* [REQUIRED ACTION] Write out again, exactly, the lines of the listing below from the first one through the one that contains "- inner (gradient_noise", and no other lines.

* [PROVIDED RECORDS]
=-=-=
lemma expected_saddle_gap_avg_le:
  "(\<integral>\<omega>. saddle_gap (x_avg t \<omega>) (y_avg t \<omega>) \<partial>M)
     \<le> ((sqrt (real (t + 1)) + L) / 2 * (diameter X)\<^sup>2 + (diameter Y)\<^sup>2 / (2 * s)
         + (lambda_max (transpose F ** F) * (diameter Y)\<^sup>2 + \<sigma>\<^sup>2) * (2 * sqrt (real (t + 1)))) / real (t + 1)"
proof -
  define c where "c = lambda_max (transpose F ** F) * (diameter Y)\<^sup>2"
  define K where "K = (sqrt (real (t + 1)) + L) / 2 * (diameter X)\<^sup>2 + (diameter Y)\<^sup>2 / (2 * s)"
  note noise = gradient_noise_moments_iterates
  have "(\<integral>\<omega>. saddle_gap (x_avg t \<omega>) (y_avg t \<omega>) \<partial>M)
      \<le> (\<integral>\<omega>. (K + (\<Sum>k\<le>t. ((norm (gradient_noise k \<omega>))\<^sup>2 + c) / sqrt (real (k + 1))
                            - inner (gradient_noise k \<omega>) (x k \<omega> - xs))) / real (t + 1) \<partial>M)"
    using integrable_saddle_gap_avg saddle_gap_avg_le noise(1,3) unfolding K_def c_def
    by (intro integral_mono) auto
  also have "\<dots> = (K + (\<Sum>k\<le>t. ((\<integral>\<omega>. (norm (gradient_noise k \<omega>))\<^sup>2 \<partial>M) + c) / sqrt (real (k + 1))
                           - (\<integral>\<omega>. inner (gradient_noise k \<omega>) (x k \<omega> - xs) \<partial>M))) / real (t + 1)"
    using noise(1,3) by (simp add: integral_sum prob_space add_divide_distrib)
  also have "\<dots> \<le> (K + (c + \<sigma>\<^sup>2) * (2 * sqrt (real (t + 1)))) / real (t + 1)"
  proof -
    have "(\<Sum>k\<le>t. ((\<integral>\<omega>. (norm (gradient_noise k \<omega>))\<^sup>2 \<partial>M) + c) / sqrt (real (k + 1))
                 - (\<integral>\<omega>. inner (gradient_noise k \<omega>) (x k \<omega> - xs) \<partial>M))
        \<le> (\<Sum>k\<le>t. (c + \<sigma>\<^sup>2) * (1 / sqrt (real (k + 1))))"
      using noise(2,4) by (intro sum_mono) (simp add: divide_right_mono)
    also have "\<dots> \<le> (c + \<sigma>\<^sup>2) * (2 * sqrt (real (t + 1)))"
      unfolding sum_distrib_left[symmetric] c_def using sum_inverse_sqrt_le
      by (intro mult_left_mono add_nonneg_nonneg mult_nonneg_nonneg lambda_max_gram_nonneg) auto
    finally show ?thesis by (simp add: divide_right_mono)
  qed
  finally show ?thesis unfolding K_def c_def .
qed

end

theorem theorem1:
  fixes X :: "(real^'n) set" and Y :: "(real^'m) set"
    and F :: "real^'n^'m"
    and l :: "real^'n \<Rightarrow> real" and gl :: "real^'n \<Rightarrow> real^'n"
    and L s \<sigma> :: real
    and D :: "'e measure" and G :: "real^'n \<Rightarrow> 'e \<Rightarrow> real^'n"
    and M :: "'w measure" and \<xi> :: "nat \<Rightarrow> 'w \<Rightarrow> 'e"
    and x :: "nat \<Rightarrow> 'w \<Rightarrow> real^'n" and y :: "nat \<Rightarrow> 'w \<Rightarrow> real^'m"
    and x0 :: "real^'n" and y0 :: "real^'m"
    and xs :: "real^'n" and ys :: "real^'m"
    and t :: nat
  assumes X: "X \<noteq> {}" "convex X" "compact X"
    and Y: "Y \<noteq> {}" "convex Y" "compact Y"
    and l_convex: "convex_on X l"
    and l_grad: "\<forall>z\<in>X. (l has_derivative (\<lambda>h. inner (gl z) h)) (at z within X)"
    and gl_cont: "continuous_on X gl"
    and L: "L \<ge> 0" "\<forall>z1\<in>X. \<forall>z2\<in>X. norm (gl z1 - gl z2) \<le> L * norm (z1 - z2)"
    and s: "s > 0"
    and \<sigma>: "\<sigma> > 0"
    and D: "prob_space D"
    and G_meas: "(\<lambda>(z, e). G z e) \<in> borel_measurable (borel \<Otimes>\<^sub>M D)"
    and G_unbiased: "\<forall>z\<in>X. integrable D (G z) \<and> (\<integral>e. G z e \<partial>D) = gl z"
    and G_var: "\<forall>z\<in>X. integrable D (\<lambda>e. (norm (G z e - gl z))\<^sup>2) \<and>
                   (\<integral>e. (norm (G z e - gl z))\<^sup>2 \<partial>D) \<le> \<sigma>\<^sup>2"
    and G_subgauss: "\<forall>z\<in>X. integrable D (\<lambda>e. exp ((norm (G z e - gl z))\<^sup>2 / \<sigma>\<^sup>2)) \<and>
                   (\<integral>e. exp ((norm (G z e - gl z))\<^sup>2 / \<sigma>\<^sup>2) \<partial>D) \<le> exp 1"
    and M: "prob_space M"
    and \<xi>_indep: "prob_space.indep_vars M (\<lambda>_. D) \<xi> UNIV"
    and \<xi>_distr: "\<forall>k. distr M D (\<xi> k) = D"
    and init: "x0 \<in> X" "y0 \<in> Y" "\<forall>\<omega>. x 0 \<omega> = x0" "\<forall>\<omega>. y 0 \<omega> = y0"
    and y_step: "\<forall>k \<omega>. y (Suc k) \<omega> \<in> Y \<and>
        (\<forall>v\<in>Y. Psaddle l F v (x k \<omega>) - (norm (v - y k \<omega>))\<^sup>2 / (2 * s)
               \<le> Psaddle l F (y (Suc k) \<omega>) (x k \<omega>) - (norm (y (Suc k) \<omega> - y k \<omega>))\<^sup>2 / (2 * s))"
    and x_step: "\<forall>k \<omega>. x (Suc k) \<omega> = closest_point X
        (x k \<omega> - (1 / (sqrt (real (k + 1)) + L)) *\<^sub>R
                   (G (x k \<omega>) (\<xi> (Suc k) \<omega>) + transpose F *v y (Suc k) \<omega>))"
    and saddle: "is_saddle_point Y X (Psaddle l F) ys xs"
  shows "let xbar = (\<lambda>\<omega>. \<Sum>k\<le>t. (1 / real (t + 1)) *\<^sub>R x (Suc k) \<omega>);
             ybar = (\<lambda>\<omega>. \<Sum>k\<le>t. (1 / real (t + 1)) *\<^sub>R y (Suc k) \<omega>);
             gap = (\<lambda>\<omega>. Psaddle l F ys (xbar \<omega>) - Psaddle l F (ybar \<omega>) xs)
         in integrable M gap \<and>
            0 \<le> (\<integral>\<omega>. gap \<omega> \<partial>M) \<and>
            (\<integral>\<omega>. gap \<omega> \<partial>M) \<le>
               (diameter Y)\<^sup>2 / (2 * s * real (t + 1)) + L * (diameter X)\<^sup>2 / (2 * real (t + 1))
               + ((diameter X)\<^sup>2 + 2 * lambda_max (transpose F ** F) * (diameter Y)\<^sup>2 + 2 * \<sigma>\<^sup>2)
                 / sqrt (real (t + 1))"
proof -
  interpret spdhg X Y F l gl L xs ys M s \<sigma> D G \<xi> x y x0 y0
    by (rule spdhg.intro[OF smooth_saddle_problem.intro M spdhg_axioms.intro]) (use assms in auto)
  have "(\<integral>\<omega>. saddle_gap (x_avg t \<omega>) (y_avg t \<omega>) \<partial>M)
      \<le> (diameter Y)\<^sup>2 / (2 * s * real (t + 1)) + L * (diameter X)\<^sup>2 / (2 * real (t + 1))
        + ((diameter X)\<^sup>2 + 2 * (lambda_max (transpose F ** F) * (diameter Y)\<^sup>2 + \<sigma>\<^sup>2))
          / sqrt (real (t + 1))"
    using expected_saddle_gap_avg_le sqrt_rate_simplify[OF zero_le_power2 s] by (rule order_trans)
  moreover have "0 \<le> (\<integral>\<omega>. saddle_gap (x_avg t \<omega>) (y_avg t \<omega>) \<partial>M)"
    using saddle_gap_nonneg[OF x_avg_in_X y_avg_in_Y] by simp
  ultimately show ?thesis
    using integrable_saddle_gap_avg[of t]
    unfolding Let_def saddle_gap_def x_avg_def y_avg_def by (simp add: algebra_simps)
qed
=-=-=
* [RESPONSE BOX]
lemma expected_saddle_gap_avg_le:
  "(\<integral>\<omega>. saddle_gap (x_avg t \<omega>) (y_avg t \<omega>) \<partial>M)
     \<le> ((sqrt (real (t + 1)) + L) / 2 * (diameter X)\<^sup>2 + (diameter Y)\<^sup>2 / (2 * s)
         + (lambda_max (transpose F ** F) * (diameter Y)\<^sup>2 + \<sigma>\<^sup>2) * (2 * sqrt (real (t + 1)))) / real (t + 1)"
proof -
  define c where "c = lambda_max (transpose F ** F) * (diameter Y)\<^sup>2"
  define K where "K = (sqrt (real (t + 1)) + L) / 2 * (diameter X)\<^sup>2 + (diameter Y)\<^sup>2 / (2 * s)"
  note noise = gradient_noise_moments_iterates
  have "(\<integral>\<omega>. saddle_gap (x_avg t \<omega>) (y_avg t \<omega>) \<partial>M)
      \<le> (\<integral>\<omega>. (K + (\<Sum>k\<le>t. ((norm (gradient_noise k \<omega>))\<^sup>2 + c) / sqrt (real (k + 1))
                            - inner (gradient_noise k \<omega>) (x k \<omega> - xs))) / real (t + 1) \<partial>M)"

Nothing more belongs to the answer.